**What the task requires:**
Whenever a line in the entries below contains "where", copy that line.
=== Recorded data ===
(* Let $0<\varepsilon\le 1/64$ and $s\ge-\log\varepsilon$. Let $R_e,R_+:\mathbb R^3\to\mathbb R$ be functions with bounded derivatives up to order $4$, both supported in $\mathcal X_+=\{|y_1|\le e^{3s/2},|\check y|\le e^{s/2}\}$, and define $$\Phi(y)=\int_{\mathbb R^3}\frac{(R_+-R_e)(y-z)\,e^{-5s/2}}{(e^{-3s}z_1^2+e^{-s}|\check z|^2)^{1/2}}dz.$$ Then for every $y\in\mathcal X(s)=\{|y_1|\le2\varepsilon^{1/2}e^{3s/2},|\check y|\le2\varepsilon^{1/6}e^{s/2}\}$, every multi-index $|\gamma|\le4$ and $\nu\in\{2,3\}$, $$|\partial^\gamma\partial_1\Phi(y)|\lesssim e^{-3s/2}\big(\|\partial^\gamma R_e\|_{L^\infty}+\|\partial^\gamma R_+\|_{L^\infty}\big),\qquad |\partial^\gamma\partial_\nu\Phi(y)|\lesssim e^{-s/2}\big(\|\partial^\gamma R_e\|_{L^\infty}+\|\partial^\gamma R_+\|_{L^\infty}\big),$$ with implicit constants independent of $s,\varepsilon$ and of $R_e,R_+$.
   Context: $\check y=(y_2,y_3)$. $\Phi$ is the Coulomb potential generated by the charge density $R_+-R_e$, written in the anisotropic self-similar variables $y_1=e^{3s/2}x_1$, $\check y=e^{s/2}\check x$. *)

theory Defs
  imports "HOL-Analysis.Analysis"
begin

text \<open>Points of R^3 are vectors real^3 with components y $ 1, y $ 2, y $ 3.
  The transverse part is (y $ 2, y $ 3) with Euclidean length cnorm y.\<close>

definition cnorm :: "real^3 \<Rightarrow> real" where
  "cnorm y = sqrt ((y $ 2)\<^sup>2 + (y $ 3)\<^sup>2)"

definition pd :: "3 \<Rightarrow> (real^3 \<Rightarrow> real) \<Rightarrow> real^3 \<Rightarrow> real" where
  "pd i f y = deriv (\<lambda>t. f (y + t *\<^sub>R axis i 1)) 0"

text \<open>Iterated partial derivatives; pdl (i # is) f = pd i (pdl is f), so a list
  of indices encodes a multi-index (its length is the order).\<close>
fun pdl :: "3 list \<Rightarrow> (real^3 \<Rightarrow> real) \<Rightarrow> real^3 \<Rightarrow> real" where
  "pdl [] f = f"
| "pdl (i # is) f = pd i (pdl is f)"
===
**Written response:**
definition cnorm :: "real^3 \<Rightarrow> real" where
definition pd :: "3 \<Rightarrow> (real^3 \<Rightarrow> real) \<Rightarrow> real^3 \<Rightarrow> real" where
fun pdl :: "3 list \<Rightarrow> (real^3 \<Rightarrow> real) \<Rightarrow> real^3 \<Rightarrow> real" where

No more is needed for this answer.